SUPPLIED RECORDS below:
lemma moment_zero: "dist01 M \<Longrightarrow> moment M 0 = 1"
  unfolding moment_def by (simp add: dist01_set_integral_const)

lemma moment_recursion_unique:
  assumes "\<theta> \<ge> 0" and M: "dist01 M" and N: "dist01 N"
    and "moment_recursion \<theta> M" "moment_recursion \<theta> N"
  shows "moment M n = moment N n"
proof (induction n)
  case 0
  show ?case using moment_zero[OF M] moment_zero[OF N] by simp
next
  case (Suc n)
  have "(real (Suc n) + \<theta>) * moment M (Suc n) = (real (Suc n) + \<theta>) * moment N (Suc n)"
    using assms(4,5) Suc.IH unfolding moment_recursion_def by metis
  then show ?case using assms(1) by (simp del: of_nat_Suc)
qed

lemma dist01_real_distribution: "dist01 M \<Longrightarrow> real_distribution M"
  unfolding dist01_def real_distribution_def real_distribution_axioms_def by simp

lemma dist01_integral_eq_set_integral:
  fixes f :: "real \<Rightarrow> real"
  assumes M: "dist01 M" and f: "f \<in> borel_measurable borel"
  shows "integral\<^sup>L M f = (LINT x:{0..1}|M. f x)"
proof -
  interpret prob_space M using M unfolding dist01_def by blast
  have sets_M: "sets M = sets borel" using M unfolding dist01_def by blast
  have "measure M {0..1} = 1" using M unfolding dist01_def measure_def by simp
  then have "AE x in M. x \<in> {0..1}" by (rule AE_prob_1)
  moreover have "f \<in> borel_measurable M" "(\<lambda>x. indicator {0..1} x *\<^sub>R f x) \<in> borel_measurable M"
    using f by (simp_all add: measurable_cong_sets[OF sets_M refl])
  ultimately show ?thesis
    unfolding set_lebesgue_integral_def by (intro integral_cong_AE) (auto simp: indicator_def)
qed

lemma (in real_distribution) char_eq_integral_cos_sin:
  "char M t = complex_of_real (expectation (\<lambda>x. cos (t * x))) +
     \<i> * complex_of_real (expectation (\<lambda>x. sin (t * x)))"
proof -
  have "integrable M (\<lambda>x. iexp (t * x))" by (rule integrable_iexp) auto
  then show ?thesis unfolding char_def
    by (intro complex_eqI) (simp_all add: integral_Re[symmetric] integral_Im[symmetric] Re_exp Im_exp)
qed

lemma dist01_eqI_moments:
  assumes M: "dist01 M" and N: "dist01 N" and moments: "\<And>n. moment M n = moment N n"
  shows "M = N"
proof (rule Levy_uniqueness[OF dist01_real_distribution[OF M] dist01_real_distribution[OF N]])
  have integral_eq: "integral\<^sup>L M f = integral\<^sup>L N f" if f: "continuous_on UNIV f" for f :: "real \<Rightarrow> real"
  proof -
    have "(LINT x:{0..1}|M. f x) = (LINT x:{0..1}|N. f x)"
      by (rule linear_contraction01_eqI[OF linear_contraction01_set_integral[OF M]
            linear_contraction01_set_integral[OF N] _ continuous_on_subset[OF f subset_UNIV]])
        (use moments in \<open>simp add: moment_def\<close>)
    then show ?thesis
      using f by (simp add: dist01_integral_eq_set_integral[OF M] dist01_integral_eq_set_integral[OF N]
          borel_measurable_continuous_onI)
  qed
  show "char M = char N"
  proof
    fix t :: real
    show "char M t = char N t"
      using integral_eq[of "\<lambda>x. cos (t * x)"] integral_eq[of "\<lambda>x. sin (t * x)"]
        real_distribution.char_eq_integral_cos_sin[OF dist01_real_distribution[OF M]]
        real_distribution.char_eq_integral_cos_sin[OF dist01_real_distribution[OF N]]
      by (simp add: continuous_intros)
  qed
qed

text \<open>For \<open>n = 0\<close> the truncated exponent \<open>n - 1\<close> is harmless: that term has coefficient \<open>0\<close>.\<close>
lemma beta_integration_by_parts:
  fixes \<theta> :: real
  assumes \<theta>: "\<theta> > 0"
  shows "((\<lambda>z. (1 - z) powr (\<theta> - 1) * ((real n + \<theta>) * z ^ n - real n * z ^ (n - 1)))
           has_integral 0 ^ n) {0..1}"
proof -
  define F where "F z = - (z ^ n * (1 - z) powr \<theta>)" for z :: real
  have "continuous_on {0..1} F"
    unfolding F_def by (intro continuous_intros continuous_on_powr') (use \<theta> in auto)
  moreover have "(F has_vector_derivative
      (1 - x) powr (\<theta> - 1) * ((real n + \<theta>) * x ^ n - real n * x ^ (n - 1))) (at x)"
    if x: "x \<in> {0<..<1}" for x
  proof -
    have "((\<lambda>z. (1 - z) powr \<theta>) has_real_derivative \<theta> * (1 - x) powr (\<theta> - 1) * (- 1)) (at x)"
      using DERIV_fun_powr[of "\<lambda>z. 1 - z" "- 1" x \<theta>] x by (auto intro!: derivative_eq_intros)
    from DERIV_minus[OF DERIV_mult[OF DERIV_pow this]]
    have deriv: "(F has_real_derivative
        - (real n * x ^ (n - 1) * (1 - x) powr \<theta> + \<theta> * (1 - x) powr (\<theta> - 1) * (- 1) * x ^ n)) (at x)"
      unfolding F_def by simp
    have pw: "(1 - x) powr \<theta> = (1 - x) * (1 - x) powr (\<theta> - 1)"
      using x by (simp add: powr_diff)
    have eq: "- (real n * x ^ (n - 1) * (1 - x) powr \<theta> + \<theta> * (1 - x) powr (\<theta> - 1) * (- 1) * x ^ n)
        = (1 - x) powr (\<theta> - 1) * ((real n + \<theta>) * x ^ n - real n * x ^ (n - 1))"
      unfolding pw by (cases n) (simp_all add: algebra_simps)
    show ?thesis
      using deriv unfolding eq has_real_derivative_iff_has_vector_derivative .
  qed
  ultimately have "((\<lambda>z. (1 - z) powr (\<theta> - 1) * ((real n + \<theta>) * z ^ n - real n * z ^ (n - 1)))
      has_integral F 1 - F 0) {0..1}"
    by (intro fundamental_theorem_of_calculus_interior) auto
  moreover have "F 1 - F 0 = 0 ^ n" unfolding F_def using \<theta> by (cases n) auto
  ultimately show ?thesis by simp
qed
(* For $n,k\ge0$ let $h(n,k)$ be the number of $k$-flats of $I(\mathfrak{gl}_n,V\oplus\bigwedge^2)$. Then, as formal power series, \[ H(s,t)=\sum_{n,k\ge0}h(n,k)s^nt^k=\frac{(1-s)(1-st+s^2t)}{1-2s+s^2-2st+3s^2t-2s^3t+s^2t^2-2s^3t^2+s^4t^2}. \]
   Context: Identify the diagonal Cartan subalgebra of $\mathfrak{gl}_n$ with $\mathbb{R}^n$ with coordinates $x_1,\dots,x_n$. Let $W=\{x_1\ge\cdots\ge x_n\}$ (closed Weyl chamber). For $1\le i\le j\le n$ let $\lambda_{i,j}^\perp$ be the hyperplane $x_i+x_j=0$ (for $i=j$: $x_i=0$); these are the kernels of the weights of $V\oplus\bigwedge^2V$ and $I(\mathfrak{gl}_n,V\oplus\bigwedge^2)$ is the arrangement of these hyperplanes restricted to $W$. A flat is a set of the form $W\cap\bigcap_{(i,j)\in T}\lambda_{i,j}^\perp$ for some (possibly empty) set $T$ of pairs $i\le j$ (the empty $T$ gives $W$); a $k$-flat is a flat whose linear span has dimension $k$. Distinct flats are counted as distinct subsets of $W$. *)

theory Defs
  imports "HOL-Library.Function_Algebras" "HOL-Computational_Algebra.Formal_Power_Series"
begin

text \<open>Points of R^n are modelled as functions x :: nat => real with x i = 0 for i >= n;
  coordinate x_{i+1} of the paper is x i here (0-based).\<close>

definition Rn :: "nat \<Rightarrow> (nat \<Rightarrow> real) set" where
  "Rn n = {x. \<forall>i\<ge>n. x i = 0}"

definition fscale :: "real \<Rightarrow> (nat \<Rightarrow> real) \<Rightarrow> (nat \<Rightarrow> real)" where
  "fscale c x = (\<lambda>i. c * x i)"

definition weyl :: "nat \<Rightarrow> (nat \<Rightarrow> real) set" where
  "weyl n = {x \<in> Rn n. \<forall>i j. i \<le> j \<and> j < n \<longrightarrow> x j \<le> x i}"

text \<open>Index pairs (i,j), i <= j, of the weights of V + wedge^2 V.\<close>
definition wpairs :: "nat \<Rightarrow> (nat \<times> nat) set" where
  "wpairs n = {(i, j). i \<le> j \<and> j < n}"

definition hyp :: "nat \<Rightarrow> nat \<times> nat \<Rightarrow> (nat \<Rightarrow> real) set" where
  "hyp n p = {x \<in> Rn n. (if fst p = snd p then x (fst p) = 0 else x (fst p) + x (snd p) = 0)}"

definition flat_of :: "nat \<Rightarrow> (nat \<times> nat) set \<Rightarrow> (nat \<Rightarrow> real) set" where
  "flat_of n T = weyl n \<inter> (\<Inter>p\<in>T. hyp n p)"

definition flats :: "nat \<Rightarrow> (nat \<Rightarrow> real) set set" where
  "flats n = {flat_of n T | T. T \<subseteq> wpairs n}"

definition h :: "nat \<Rightarrow> nat \<Rightarrow> nat" where
  "h n k = card {F \<in> flats n. vector_space.dim fscale F = k}"

text \<open>Bivariate formal power series over Q: an element of (rat fps) fps, outer variable s, inner t.\<close>
definition H :: "rat fps fps" where
  "H = Abs_fps (\<lambda>n. Abs_fps (\<lambda>k. of_nat (h n k)))"

definition S :: "rat fps fps" where "S = fps_X"
definition T :: "rat fps fps" where "T = fps_const fps_X"

end

theory Submission
  imports Defs
begin

text \<open>A flat is cut out by the hyperplanes through a generic point of it, so flats correspond
  bijectively to the sets \<open>T\<^sub>x\<close> of pairs \<open>(i, j)\<close> with \<open>x\<^sub>i + x\<^sub>j = 0\<close>, \<open>x \<in> W\<close>. Such a set
  either consists of all pairs inside a block of zero coordinates, or, with \<open>c > 0\<close> the largest
  value for which \<open>-c\<close> also occurs, it consists of the full rectangle between the \<open>p\<close> coordinates
  equal to \<open>c\<close> and the \<open>q\<close> coordinates equal to \<open>-c\<close>, together with the pairs of the smaller
  chamber formed by the \<open>m\<close> coordinates strictly between \<open>-c\<close> and \<open>c\<close>. At a point without
  accidental coincidences the dimension of the flat is the number of distinct nonzero values
  \<open>|x\<^sub>i|\<close>; hence a zero block of size \<open>z\<close> has dimension \<open>n - z\<close>, and the second kind of pattern
  has dimension \<open>u + w + 1\<close> plus that of the inner pattern, \<open>u\<close> and \<open>w\<close> counting the coordinates
  above \<open>c\<close> and below \<open>-c\<close>. Counting the parameters \<open>u, p, q, w\<close> gives
  \<open>H = M + E H\<close> with \<open>E = s\<^sup>2t / ((1 - s)\<^sup>2 (1 - st)\<^sup>2)\<close> and
  \<open>M = (1 - st + s\<^sup>2t) / ((1 - s) (1 - st)\<^sup>2)\<close>.\<close>

section \<open>Flats as sets of vanishing weights\<close>

definition weight :: "nat \<times> nat \<Rightarrow> (nat \<Rightarrow> real) \<Rightarrow> real" where
  "weight p x = (if fst p = snd p then x (fst p) else x (fst p) + x (snd p))"

definition vanishing_pairs :: "nat \<Rightarrow> (nat \<Rightarrow> real) \<Rightarrow> (nat \<times> nat) set" where
  "vanishing_pairs n x = {p \<in> wpairs n. x \<in> hyp n p}"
End of SUPPLIED RECORDS.
_REQUIRED ACTION:_
The first line of the entries above and every line after it, up to and including the line with "by (intro complex_eqI)", should be set down exactly.

_OUTPUT FOR THIS EXERCISE:_
lemma moment_zero: "dist01 M \<Longrightarrow> moment M 0 = 1"
  unfolding moment_def by (simp add: dist01_set_integral_const)

lemma moment_recursion_unique:
  assumes "\<theta> \<ge> 0" and M: "dist01 M" and N: "dist01 N"
    and "moment_recursion \<theta> M" "moment_recursion \<theta> N"
  shows "moment M n = moment N n"
proof (induction n)
  case 0
  show ?case using moment_zero[OF M] moment_zero[OF N] by simp
next
  case (Suc n)
  have "(real (Suc n) + \<theta>) * moment M (Suc n) = (real (Suc n) + \<theta>) * moment N (Suc n)"
    using assms(4,5) Suc.IH unfolding moment_recursion_def by metis
  then show ?case using assms(1) by (simp del: of_nat_Suc)
qed

lemma dist01_real_distribution: "dist01 M \<Longrightarrow> real_distribution M"
  unfolding dist01_def real_distribution_def real_distribution_axioms_def by simp

lemma dist01_integral_eq_set_integral:
  fixes f :: "real \<Rightarrow> real"
  assumes M: "dist01 M" and f: "f \<in> borel_measurable borel"
  shows "integral\<^sup>L M f = (LINT x:{0..1}|M. f x)"
proof -
  interpret prob_space M using M unfolding dist01_def by blast
  have sets_M: "sets M = sets borel" using M unfolding dist01_def by blast
  have "measure M {0..1} = 1" using M unfolding dist01_def measure_def by simp
  then have "AE x in M. x \<in> {0..1}" by (rule AE_prob_1)
  moreover have "f \<in> borel_measurable M" "(\<lambda>x. indicator {0..1} x *\<^sub>R f x) \<in> borel_measurable M"
    using f by (simp_all add: measurable_cong_sets[OF sets_M refl])
  ultimately show ?thesis
    unfolding set_lebesgue_integral_def by (intro integral_cong_AE) (auto simp: indicator_def)
qed

lemma (in real_distribution) char_eq_integral_cos_sin:
  "char M t = complex_of_real (expectation (\<lambda>x. cos (t * x))) +
     \<i> * complex_of_real (expectation (\<lambda>x. sin (t * x)))"
proof -
  have "integrable M (\<lambda>x. iexp (t * x))" by (rule integrable_iexp) auto
  then show ?thesis unfolding char_def
    by (intro complex_eqI) (simp_all add: integral_Re[symmetric] integral_Im[symmetric] Re_exp Im_exp)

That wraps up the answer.